Two datasets, data_cleaned.csv and data_cleaned_test.csv are imported as Pandas Dataframes for training and test data. Using pandas-ta library, volume-weighted moving averages and RSI are added to each Pandas dataframe. Bollinger Bands are also created in a different Pandas Dataframe for later use.

Classify Function

def classify(bblower, bbupper, future):
    if future > bbupper:
        return 2
    if future < bblower:
        return 0
    else:
        return 1

y_test['target'] = list(map(classify, data_cleaned_test['BBL_30'], data_cleaned_test['BBU_30'], future_df_test))

y_train['target'] = list(map(classify, data_cleaned['BBL_30'], data_cleaned['BBU_30'], future_df_train))

Targets are created using the classify function, taking the lower Bollinger Band, upper Bollinger Band, and future price value as inputs. If future price is above or lower the respective Bollinger Band, a value of 0 (for below), 2 (for above) is given. The outputs are mapped into y_test and y_train DataFrames.

Scale Data

scaler = MinMaxScaler(feature_range=(-1, 1))
scaler.fit(x_train)
x_train = scaler.transform(x_train)
x_train = torch.FloatTensor(x_train)

Data is scaled for input.

Create Sequence

def create_sequence(data, y_data, tw):
    sequence = []
    l = len(data)
    for i in range(l - tw):
        train_seq = data[i:i + tw]
        train_label = y_data[i + tw:i + tw + 1]
        sequence.append((train_seq, train_label))
    return sequence

Model Implementation

class LSTM(nn.Module):
    def __init__(self, input_size=13, hidden_layer_size=100, output_size=3, batch_size=1, time_step=30):
        super().__init__()
        self.time_step = time_step
        self.batch_size = batch_size
        self.input_size = input_size
        self.hidden_layer_size = hidden_layer_size
        self.lstm = nn.LSTM(input_size, hidden_layer_size)
        self.lstm_hidden = nn.LSTM(hidden_layer_size, hidden_layer_size)
        self.linear = nn.Linear(hidden_layer_size, hidden_layer_size)
        self.relu = nn.ReLU()
        self.dropout = nn.Dropout(p=0.4)
        self.output_linear = nn.Linear(hidden_layer_size, output_size)
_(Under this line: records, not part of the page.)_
(* Let $\mathbf A$ be an integral interior $r\ell uz$-groupoid and $\mathbf B$ a finite partial subalgebra of $\mathbf A$. Then $\mathbf F^+_{\mathbf A,\mathbf B^0}$ is finite. Moreover, if $\mathbf A$ is zero-bounded (i.e. $0\le x$ for all $x\in A$), then so is $\mathbf F^+_{\mathbf A,\mathbf B^0}$ (its constant $0$ is its least element).
   Context: An $r\ell uz$-groupoid is an algebra $(A,\wedge,\vee,\cdot,\backslash,/,1,0)$ with $(A,\wedge,\vee)$ a lattice (order $\le$), $(A,\cdot,1)$ a unital groupoid (binary operation, not necessarily associative, with two-sided unit $1$), $0\in A$ arbitrary, and $x\cdot y\le z\iff y\le x\backslash z\iff x\le z/y$. An interior one has in addition a unary $!$ with $1\le !1$, $!x\cdot!y\le !(x\cdot y)$, $!x\le x$, $!x\le !!x$, $x\le y\Rightarrow !x\le !y$; integral means $x\le 1$ for all $x$. A partial subalgebra $\mathbf B$ of $\mathbf A$ is a subset $B\subseteq A$ with $f^{\mathbf B}(\vec b)=f^{\mathbf A}(\vec b)$ if this lies in $B$, undefined otherwise. $\mathbf B^0$ denotes the partial subalgebra of $\mathbf A$ with universe $B\cup\{0^{\mathbf A}\}$. An enriched $ruz$-frame is $\mathbf F=(G,T,N,K,\epsilon)$ where $(G,\cdot,\varepsilon)$ is a unital groupoid, $T$ a set, $N\subseteq G\times T$ a nuclear relation (for all $x,y\in G$, $z\in T$ there exist $x\backslash\!\!\backslash z,\ z/\!\!/y\in T$ with $x\cdot y\,N\,z\iff y\,N\,x\backslash\!\!\backslash z\iff x\,N\,z/\!\!/y$), $K$ a sub-unital-groupoid of $G$, and $\epsilon\in T$. For $X\subseteq G$, $Y\subseteq T$: $X^{\rhd}=\{t\in T\mid \forall x\in X\,(xNt)\}$, $Y^{\lhd}=\{g\in G\mid\forall y\in Y\,(gNy)\}$, $\gamma_N(X)=X^{\rhd\lhd}$; $X$ closed if $\gamma_N(X)=X$. $\mathbf F^+$ has universe the closed sets, with $X\wedge Y=X\cap Y$, $X\vee Y=\gamma_N(X\cup Y)$, $X\cdot Y=\gamma_N(X\circ Y)$ where $X\circ Y=\{x\cdot y\}$, $X\backslash Y=\{z\mid X\circ\{z\}\subseteq Y\}$, $Y/X=\{z\mid\{z\}\circ X\subseteq Y\}$, $!X=\gamma_N(X\cap K)$, unit $\gamma_N(\{\varepsilon\})$, zero $\{\epsilon\}^{\lhd}$. For a partial subalgebra $\mathbf C$ of $\mathbf A$ (here $\mathbf C=\mathbf B^0$): $G_C$ is the sub-unital-groupoid of $(A,\cdot,1)$ generated by $C$; $U_{G_C}$ the set of unary linear polynomials over $G_C$ (maps $G_C\to G_C$ given by a groupoid term in which one variable occurs exactly once and other leaves are in $G_C$, including $\mathrm{id}$); $T_C=U_{G_C}\times C$; $x\,N_C\,(u,c)$ iff $u(x)\le^{\mathbf A}c$; $K_C$ the sub-unital-groupoid generated by $\{!^{\mathbf A}c\mid c\in C,\ !^{\mathbf A}c\in C\}$. Then $\mathbf F_{\mathbf A,\mathbf B^0}=(G_{B^0},T_{B^0},N_{B^0},K_{B^0},\epsilon)$ with $\epsilon=(\mathrm{id},0^{\mathbf A})$. *)

theory Defs
  imports Main
begin

record 'a rluz =
  rmeet :: "'a \<Rightarrow> 'a \<Rightarrow> 'a"
  rjoin :: "'a \<Rightarrow> 'a \<Rightarrow> 'a"
  rmult :: "'a \<Rightarrow> 'a \<Rightarrow> 'a"
  rldiv :: "'a \<Rightarrow> 'a \<Rightarrow> 'a"
  rrdiv :: "'a \<Rightarrow> 'a \<Rightarrow> 'a"
  rone  :: 'a
  rzero :: 'a
  rbang :: "'a \<Rightarrow> 'a"

definition rle :: "'a rluz \<Rightarrow> 'a \<Rightarrow> 'a \<Rightarrow> bool" where
  "rle A x y \<longleftrightarrow> rmeet A x y = x"

definition is_lattice_ops :: "('a \<Rightarrow> 'a \<Rightarrow> 'a) \<Rightarrow> ('a \<Rightarrow> 'a \<Rightarrow> 'a) \<Rightarrow> bool" where
  "is_lattice_ops m j \<longleftrightarrow>
     (\<forall>x y z. m x (m y z) = m (m x y) z) \<and> (\<forall>x y. m x y = m y x) \<and>
     (\<forall>x y z. j x (j y z) = j (j x y) z) \<and> (\<forall>x y. j x y = j y x) \<and>
     (\<forall>x y. m x (j x y) = x) \<and> (\<forall>x y. j x (m x y) = x)"

definition rluz_groupoid :: "'a rluz \<Rightarrow> bool" where
  "rluz_groupoid A \<longleftrightarrow>
     is_lattice_ops (rmeet A) (rjoin A) \<and>
     (\<forall>x. rmult A (rone A) x = x \<and> rmult A x (rone A) = x) \<and>
     (\<forall>x y z. (rle A (rmult A x y) z \<longleftrightarrow> rle A y (rldiv A x z)) \<and>
              (rle A (rmult A x y) z \<longleftrightarrow> rle A x (rrdiv A z y)))"

definition interior_rluz :: "'a rluz \<Rightarrow> bool" where
  "interior_rluz A \<longleftrightarrow> rluz_groupoid A \<and>
     rle A (rone A) (rbang A (rone A)) \<and>
     (\<forall>x y. rle A (rmult A (rbang A x) (rbang A y)) (rbang A (rmult A x y))) \<and>
     (\<forall>x. rle A (rbang A x) x) \<and>
     (\<forall>x. rle A (rbang A x) (rbang A (rbang A x))) \<and>
     (\<forall>x y. rle A x y \<longrightarrow> rle A (rbang A x) (rbang A y))"

definition integral :: "'a rluz \<Rightarrow> bool" where
  "integral A \<longleftrightarrow> (\<forall>x. rle A x (rone A))"

definition zero_bounded :: "'a rluz \<Rightarrow> bool" where
  "zero_bounded A \<longleftrightarrow> (\<forall>x. rle A (rzero A) x)"

record ('g, 't) frame =
  fG    :: "'g set"
  fmult :: "'g \<Rightarrow> 'g \<Rightarrow> 'g"
  funit :: 'g
  fT    :: "'t set"
  fN    :: "'g \<Rightarrow> 't \<Rightarrow> bool"
  fK    :: "'g set"
  feps  :: 't

definition rhd :: "('g, 't) frame \<Rightarrow> 'g set \<Rightarrow> 't set" where
  "rhd F X = {t \<in> fT F. \<forall>x\<in>X. fN F x t}"

definition lhd :: "('g, 't) frame \<Rightarrow> 't set \<Rightarrow> 'g set" where
  "lhd F Y = {g \<in> fG F. \<forall>y\<in>Y. fN F g y}"

definition gammaN :: "('g, 't) frame \<Rightarrow> 'g set \<Rightarrow> 'g set" where
  "gammaN F X = lhd F (rhd F X)"

definition fcirc :: "('g, 't) frame \<Rightarrow> 'g set \<Rightarrow> 'g set \<Rightarrow> 'g set" where
  "fcirc F X Y = {fmult F x y | x y. x \<in> X \<and> y \<in> Y}"

record 'g cplx =
  cU     :: "'g set set"
  cmeet  :: "'g set \<Rightarrow> 'g set \<Rightarrow> 'g set"
  cjoin  :: "'g set \<Rightarrow> 'g set \<Rightarrow> 'g set"
  cmult  :: "'g set \<Rightarrow> 'g set \<Rightarrow> 'g set"
  cldiv  :: "'g set \<Rightarrow> 'g set \<Rightarrow> 'g set"
  crdiv  :: "'g set \<Rightarrow> 'g set \<Rightarrow> 'g set"
  cone   :: "'g set"
  czero  :: "'g set"
  cbang  :: "'g set \<Rightarrow> 'g set"

definition Fplus :: "('g, 't) frame \<Rightarrow> 'g cplx" where
  "Fplus F = \<lparr>
     cU = {X. X \<subseteq> fG F \<and> gammaN F X = X},
     cmeet = (\<lambda>X Y. X \<inter> Y),
     cjoin = (\<lambda>X Y. gammaN F (X \<union> Y)),
     cmult = (\<lambda>X Y. gammaN F (fcirc F X Y)),
     cldiv = (\<lambda>X Y. {z \<in> fG F. fcirc F X {z} \<subseteq> Y}),
     crdiv = (\<lambda>Y X. {z \<in> fG F. fcirc F {z} X \<subseteq> Y}),
     cone = gammaN F {funit F},
     czero = lhd F {feps F},
     cbang = (\<lambda>X. gammaN F (X \<inter> fK F)) \<rparr>"

inductive_set gen_subgroupoid :: "'a rluz \<Rightarrow> 'a set \<Rightarrow> 'a set" for A S where
  base: "c \<in> S \<Longrightarrow> c \<in> gen_subgroupoid A S"
| unit: "rone A \<in> gen_subgroupoid A S"
| mult: "x \<in> gen_subgroupoid A S \<Longrightarrow> y \<in> gen_subgroupoid A S \<Longrightarrow>
           rmult A x y \<in> gen_subgroupoid A S"

abbreviation GC :: "'a rluz \<Rightarrow> 'a set \<Rightarrow> 'a set" where
  "GC A C \<equiv> gen_subgroupoid A C"

text \<open>Unary linear polynomials over G_C (as maps; only their values on G_C matter).\<close>
inductive_set ulin :: "'a rluz \<Rightarrow> 'a set \<Rightarrow> ('a \<Rightarrow> 'a) set" for A G where
  ident: "id \<in> ulin A G"
| lmul: "u \<in> ulin A G \<Longrightarrow> g \<in> G \<Longrightarrow> (\<lambda>x. rmult A g (u x)) \<in> ulin A G"
| rmul: "u \<in> ulin A G \<Longrightarrow> g \<in> G \<Longrightarrow> (\<lambda>x. rmult A (u x) g) \<in> ulin A G"

definition KC :: "'a rluz \<Rightarrow> 'a set \<Rightarrow> 'a set" where
  "KC A C = gen_subgroupoid A {rbang A c | c. c \<in> C \<and> rbang A c \<in> C}"

definition frameAC :: "'a rluz \<Rightarrow> 'a set \<Rightarrow> ('a, ('a \<Rightarrow> 'a) \<times> 'a) frame" where
  "frameAC A C = \<lparr>
     fG = GC A C,
     fmult = rmult A,
     funit = rone A,
     fT = ulin A (GC A C) \<times> C,
     fN = (\<lambda>x (u, c). rle A (u x) c),
     fK = KC A C,
     feps = (id, rzero A) \<rparr>"

definition frameAB0 :: "'a rluz \<Rightarrow> 'a set \<Rightarrow> ('a, ('a \<Rightarrow> 'a) \<times> 'a) frame" where
  "frameAB0 A B = frameAC A (B \<union> {rzero A})"

end

theory Submission
  imports Defs "HOL-Library.Ramsey" "HOL-Library.Infinite_Set"
begin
        self.hidden_cell = (torch.zeros(self.batch_size, self.time_step, self.hidden_layer_size),
                            torch.zeros(self.batch_size, self.time_step, self.hidden_layer_size))

    def forward(self, input_seq):
        # print((input_seq.reshape(len(input_seq)*self.input_size)))
        lstm_out, self.hidden_cell = self.lstm(input_seq)
        lstm_hidden_out, self.hidden_cell = self.lstm_hidden(lstm_out)
        linear1 = self.linear(lstm_hidden_out[:, -1, :])
        relu1 = self.relu(linear1)
        linear2 = self.linear(relu1)
        relu2 = self.relu(linear2)
        prediction = self.output_linear(relu2)

        return prediction